*** Opening of Input for this task ***

lemma KMS_coeff_interior:
  fixes r :: real
  shows "(1 + r\<^sup>2) * (r ^ nat \<bar>int (Suc i) - int j\<bar>) - r * (r ^ nat \<bar>int i - int j\<bar>)
     - r * (r ^ nat \<bar>int (Suc (Suc i)) - int j\<bar>) = (if j = Suc i then 1 - r\<^sup>2 else 0)"
proof -
  consider (below) "j \<le> i" | (diagonal) "j = Suc i" | (above) "Suc (Suc i) \<le> j"
    by linarith
  then show ?thesis
  proof cases
    case below
    then obtain m where "i = j + m" using le_Suc_ex by blast
    then show ?thesis
      unfolding nat_abs_int_diff by (simp add: power2_eq_square algebra_simps)
  next
    case diagonal
    then show ?thesis
      unfolding nat_abs_int_diff by (simp add: power2_eq_square)
  next
    case above
    then obtain m where "j = Suc (Suc i) + m" using le_Suc_ex by blast
    then show ?thesis
      unfolding nat_abs_int_diff by (simp add: power2_eq_square algebra_simps)
  qed
qed

lemma sum_eq_delta:
  fixes u :: "nat \<Rightarrow> real"
  assumes "i < n" "\<And>j. j < n \<Longrightarrow> c j = (if j = i then a else 0)"
  shows "(\<Sum>j<n. c j * u j) = a * u i"
proof -
  have "(\<Sum>j<n. c j * u j) = (\<Sum>j<n. if j = i then a * u j else 0)"
    using assms(2) by (intro sum.cong) auto
  also have "\<dots> = a * u i" using assms(1) by simp
  finally show ?thesis .
qed
text \<open>With \<open>w x = \<alpha>\<close>, the inversion sets of \<open>w\<close> and \<open>s\<^sub>\<alpha> w\<close> differ exactly by the one
  of \<open>x\<close>, \<open>-x\<close> that is positive.\<close>
lemma inversions_simple_reflection:
  assumes w: "root_preserving w" and \<alpha>: "\<alpha> \<in> \<Delta>"
  shows "inversions (reflection \<alpha> \<circ> w) = Suc (inversions w) \<or>
    inversions w = Suc (inversions (reflection \<alpha> \<circ> w))"
proof -
  let ?s = "reflection \<alpha>"
  have \<alpha>_root: "\<alpha> \<in> \<Phi>" using \<alpha> base_subset_roots by blast
  have lin: "linear w" and "inj w" and w_roots: "w ` \<Phi> = \<Phi>"
    using w unfolding root_preserving_def by auto
  obtain x where x: "x \<in> \<Phi>" "w x = \<alpha>" using \<alpha>_root w_roots by force
  have wnx: "w (- x) = - \<alpha>" using lin linear_neg x(2) by metis
  have s\<alpha>: "?s \<alpha> = - \<alpha>" "?s (- \<alpha>) = \<alpha>"
    using reflection_self[OF root_nonzero[OF \<alpha>_root]] by (simp_all add: reflection_uminus)
  define A where "A = {\<beta>\<in>\<Phi>. 0 < height \<beta> \<and> height (w \<beta>) < 0}"
  define B where "B = {\<beta>\<in>\<Phi>. 0 < height \<beta> \<and> height ((?s \<circ> w) \<beta>) < 0}"
  have "finite B" unfolding B_def using finite_roots by simp
  have "finite A" unfolding A_def using finite_roots by simp
  have same: "\<beta> \<in> A \<longleftrightarrow> \<beta> \<in> B" if "\<beta> \<noteq> x" "\<beta> \<noteq> - x" for \<beta>
  proof -
    have "w \<beta> \<noteq> \<alpha>" "w \<beta> \<noteq> - \<alpha>"
      using that x(2) wnx \<open>inj w\<close> by (metis injD)+
    then have "\<beta> \<in> \<Phi> \<Longrightarrow> height (?s (w \<beta>)) < 0 \<longleftrightarrow> height (w \<beta>) < 0"
      using height_reflection_neg_iff[OF \<alpha>] w_roots by blast
    then show ?thesis unfolding A_def B_def by auto
  qed
  show ?thesis
  proof (cases "0 < height x")
    case True
    then have "x \<in> B" "x \<notin> A" "- x \<notin> A" "- x \<notin> B"
      using x s\<alpha> height_base[OF \<alpha>] by (auto simp: A_def B_def height_uminus)
    then have "B = insert x A"
      using same by (intro set_eqI) (smt (verit) insert_iff)
    then show ?thesis using \<open>finite A\<close> \<open>x \<notin> A\<close> by (simp add: inversions_def A_def B_def)
  next
    case False
    then have "0 < height (- x)"
      using height_root_nonzero[OF x(1)] by (simp add: height_uminus)
    then have "- x \<in> A" "- x \<notin> B" "x \<notin> A" "x \<notin> B"
      using x wnx s\<alpha> uminus_root height_base[OF \<alpha>] False
      by (auto simp: A_def B_def height_uminus)
    then have "A = insert (- x) B"
      using same by (intro set_eqI) (smt (verit) insert_iff)
    then show ?thesis using \<open>finite B\<close> \<open>- x \<notin> B\<close> by (simp add: inversions_def A_def B_def)
  qed
qed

*** Close of Input for this task ***

__What is required__.
Your answer consists solely of the lines from the top of the records above through the line that contains "x(2) by metis", each echoed exactly.

__Completed exercise__.
lemma KMS_coeff_interior:
  fixes r :: real
  shows "(1 + r\<^sup>2) * (r ^ nat \<bar>int (Suc i) - int j\<bar>) - r * (r ^ nat \<bar>int i - int j\<bar>)
     - r * (r ^ nat \<bar>int (Suc (Suc i)) - int j\<bar>) = (if j = Suc i then 1 - r\<^sup>2 else 0)"
proof -
  consider (below) "j \<le> i" | (diagonal) "j = Suc i" | (above) "Suc (Suc i) \<le> j"
    by linarith
  then show ?thesis
  proof cases
    case below
    then obtain m where "i = j + m" using le_Suc_ex by blast
    then show ?thesis
      unfolding nat_abs_int_diff by (simp add: power2_eq_square algebra_simps)
  next
    case diagonal
    then show ?thesis
      unfolding nat_abs_int_diff by (simp add: power2_eq_square)
  next
    case above
    then obtain m where "j = Suc (Suc i) + m" using le_Suc_ex by blast
    then show ?thesis
      unfolding nat_abs_int_diff by (simp add: power2_eq_square algebra_simps)
  qed
qed

lemma sum_eq_delta:
  fixes u :: "nat \<Rightarrow> real"
  assumes "i < n" "\<And>j. j < n \<Longrightarrow> c j = (if j = i then a else 0)"
  shows "(\<Sum>j<n. c j * u j) = a * u i"
proof -
  have "(\<Sum>j<n. c j * u j) = (\<Sum>j<n. if j = i then a * u j else 0)"
    using assms(2) by (intro sum.cong) auto
  also have "\<dots> = a * u i" using assms(1) by simp
  finally show ?thesis .
qed
text \<open>With \<open>w x = \<alpha>\<close>, the inversion sets of \<open>w\<close> and \<open>s\<^sub>\<alpha> w\<close> differ exactly by the one
  of \<open>x\<close>, \<open>-x\<close> that is positive.\<close>
lemma inversions_simple_reflection:
  assumes w: "root_preserving w" and \<alpha>: "\<alpha> \<in> \<Delta>"
  shows "inversions (reflection \<alpha> \<circ> w) = Suc (inversions w) \<or>
    inversions w = Suc (inversions (reflection \<alpha> \<circ> w))"
proof -
  let ?s = "reflection \<alpha>"
  have \<alpha>_root: "\<alpha> \<in> \<Phi>" using \<alpha> base_subset_roots by blast
  have lin: "linear w" and "inj w" and w_roots: "w ` \<Phi> = \<Phi>"
    using w unfolding root_preserving_def by auto
  obtain x where x: "x \<in> \<Phi>" "w x = \<alpha>" using \<alpha>_root w_roots by force
  have wnx: "w (- x) = - \<alpha>" using lin linear_neg x(2) by metis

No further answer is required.